Pour faire court (trop court), je pourrais bien succomber à l’envie, mordante et facile, de placer une fois pour toute une réponse rapide et lapidaire qui, prenant des raccourcis illégitimes, affirmerait en toute mauvaise foi que la violence, dans ces différentes manifestations, est juste intrinsèque sinon à la nature humaine du moins à une part vieillissante de sa culture. Ce ne serait pas entièrement faux. Or, j’ai l’intention de croire, innocemment, qu’il est désormais possible, et finalement ce n’est pas complètement inédit, de canaliser ce flot nerveux et pulsionnel au travers de quelques artistiques catharsis, au nombre desquels l’activité pour laquelle vous êtes ici en quête d’informations (et de plaisir de lecture j’espère) : le jeu vidéo. L’exercice, dorénavant bien rodé mais pas toujours conscient, consiste à sublimer une violence en-soi, réelle, douloureuse, en une violence pour-nous, virtuelle, jouissive et – osons-le – ludique. Celui-ci ne fait toutefois qu’imiter les déboires du monde ; il en fait le plaisir du foyer.

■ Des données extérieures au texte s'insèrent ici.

(* Let $P$ be a polyanalytic polynomial of degree $n$ with only finitely many zeros in $\mathbb{C}$. (i) If $P$ is reducible, say $P=P_1\cdots P_k$ with $k\geq 2$ polyanalytic polynomials $P_j$ of degree $\deg(P_j)=n_j\geq 1$, then $P$ has at most $\sum_{j=1}^k n_j^2$ zeros, and $\sum_{j=1}^k n_j^2<n^2$. (ii) If $n\geq 2$ and $P$ has at least $n^2-2n+3$ zeros, then $P$ is irreducible.
   Context: A polyanalytic polynomial is a function $\mathbb{C}\to\mathbb{C}$ of the form $P(z,\bar z)=\sum_{j+k\le n}\alpha_{j,k} z^j \bar z^{k}$ with complex coefficients (a polynomial in $z$ and $\bar z$); two such polynomials are equal iff all coefficients agree. Its degree is the largest $j+k$ with $\alpha_{j,k}\neq 0$. $P$ is reducible if $P=P_1P_2$ for polyanalytic polynomials with $\deg(P_1),\deg(P_2)\geq 1$, and irreducible otherwise. A zero of $P$ is a point $z\in\mathbb{C}$ with $P(z,\bar z)=0$; zeros are counted as distinct points. *)

theory Defs
  imports Complex_Main "HOL-Computational_Algebra.Polynomial"
begin

text \<open>A polyanalytic polynomial sum_{j,k} a_{j,k} z^j (cnj z)^k is represented as a
  polynomial in z whose coefficients are polynomials in cnj z:
  coeff (coeff P j) k = a_{j,k}.\<close>

type_synonym polyanalytic = "complex poly poly"

definition pa_eval :: "polyanalytic \<Rightarrow> complex \<Rightarrow> complex" where
  "pa_eval P z = (\<Sum>j\<le>degree P. poly (coeff P j) (cnj z) * z ^ j)"

definition pa_deg :: "polyanalytic \<Rightarrow> nat" where
  "pa_deg P = Max (insert 0 {j + degree (coeff P j) | j. coeff P j \<noteq> 0})"

definition pa_zeros :: "polyanalytic \<Rightarrow> complex set" where
  "pa_zeros P = {z. pa_eval P z = 0}"

definition pa_reducible :: "polyanalytic \<Rightarrow> bool" where
  "pa_reducible P \<longleftrightarrow> (\<exists>P1 P2. P = P1 * P2 \<and> pa_deg P1 \<ge> 1 \<and> pa_deg P2 \<ge> 1)"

Pour preuve de vos/nos tendances sanguinaires et de votre soif inextinguible de kills, indifféremment au M16 ou au Stg44, ou de frags, plus couillus, infiltré dans l’ombre et couteau entre les dents, il n’est qu’à jeter quelque œil, sans oublier de le récupérer (ça peut servir), sur la production vidéo-ludique, aussi bien qu’ailleurs, et ses charts. Ainsi, les Call of Duty au nombre vertigineux et indécent d’itérations, les Battlefield et les Counter-Strike qu’on nous obligerait presque à aimer et tous les autres que je m’épargne la peine (taux fixe à 3.2 %) de citer, Doom-like en général relativement (voire pas du tout) assumés et réaménagés à la mode photo-réaliste – qui sentirait presque les pieds. Tout ça se vend, en exagérant à peine, par camions entiers ; à peu près partout. Si donc il y a violence, c’est surtout qu’il y a marché. Tatie Hermione, qui a vécu, par procuration (et procrastination) devant la télé, moult guerres, elle-même en sera gré. Il s’agit, pour le quidam comme pour l’esthète, pour l’érudit comme le vulgaire, d’en être, de participer en esprit à cette tâche ignoble, qui n’a point besoin de pousser au génocide pour être affreuse et stupéfiante et qui se veut à présent, au travers de productions à destination de vos heures en canapé, le complément licite du déversement de votre rage étouffée.
Cependant, cette violence peut tout aussi bien prendre des formes plus adaptées à la jeunesse, avec des ennemis qui font pouf mais n’en meurent (ou disparaissent) pas moins. Regardez Mario, regardez Rayman, et leur absence totale de la moindre larme de sang. C’est la période Père Noël, celle où l’on croit encore naïvement pouvoir tracer des frontières nettes entre les gentils et les méchants, se persuader que ça finit toujours bien pour les premiers et toujours tragiquement pour les seconds ; un temps d’innocence. La guerre, sale, va vite prendre le dessus. Guère longtemps après la perte de la croyance en la petite souris – de toute façon vendue au communisme. A ce niveau, on parlerait de préparation, peut-être d’initiation, à la triste vérité du caractère revanchard et brutal de l’homme, sauvé uniquement par cette sublimation que j’ai pointée. Ainsi, l’histoire se reproduit, elle s’engendre à nouveau et inspire les mondes parallèles dans lesquels nous pouvons exercer à moindre frais nos besoins de sang. Deer Hunter en est une autre démonstration. On n’échappe à la violence qu’en l’idéalisant.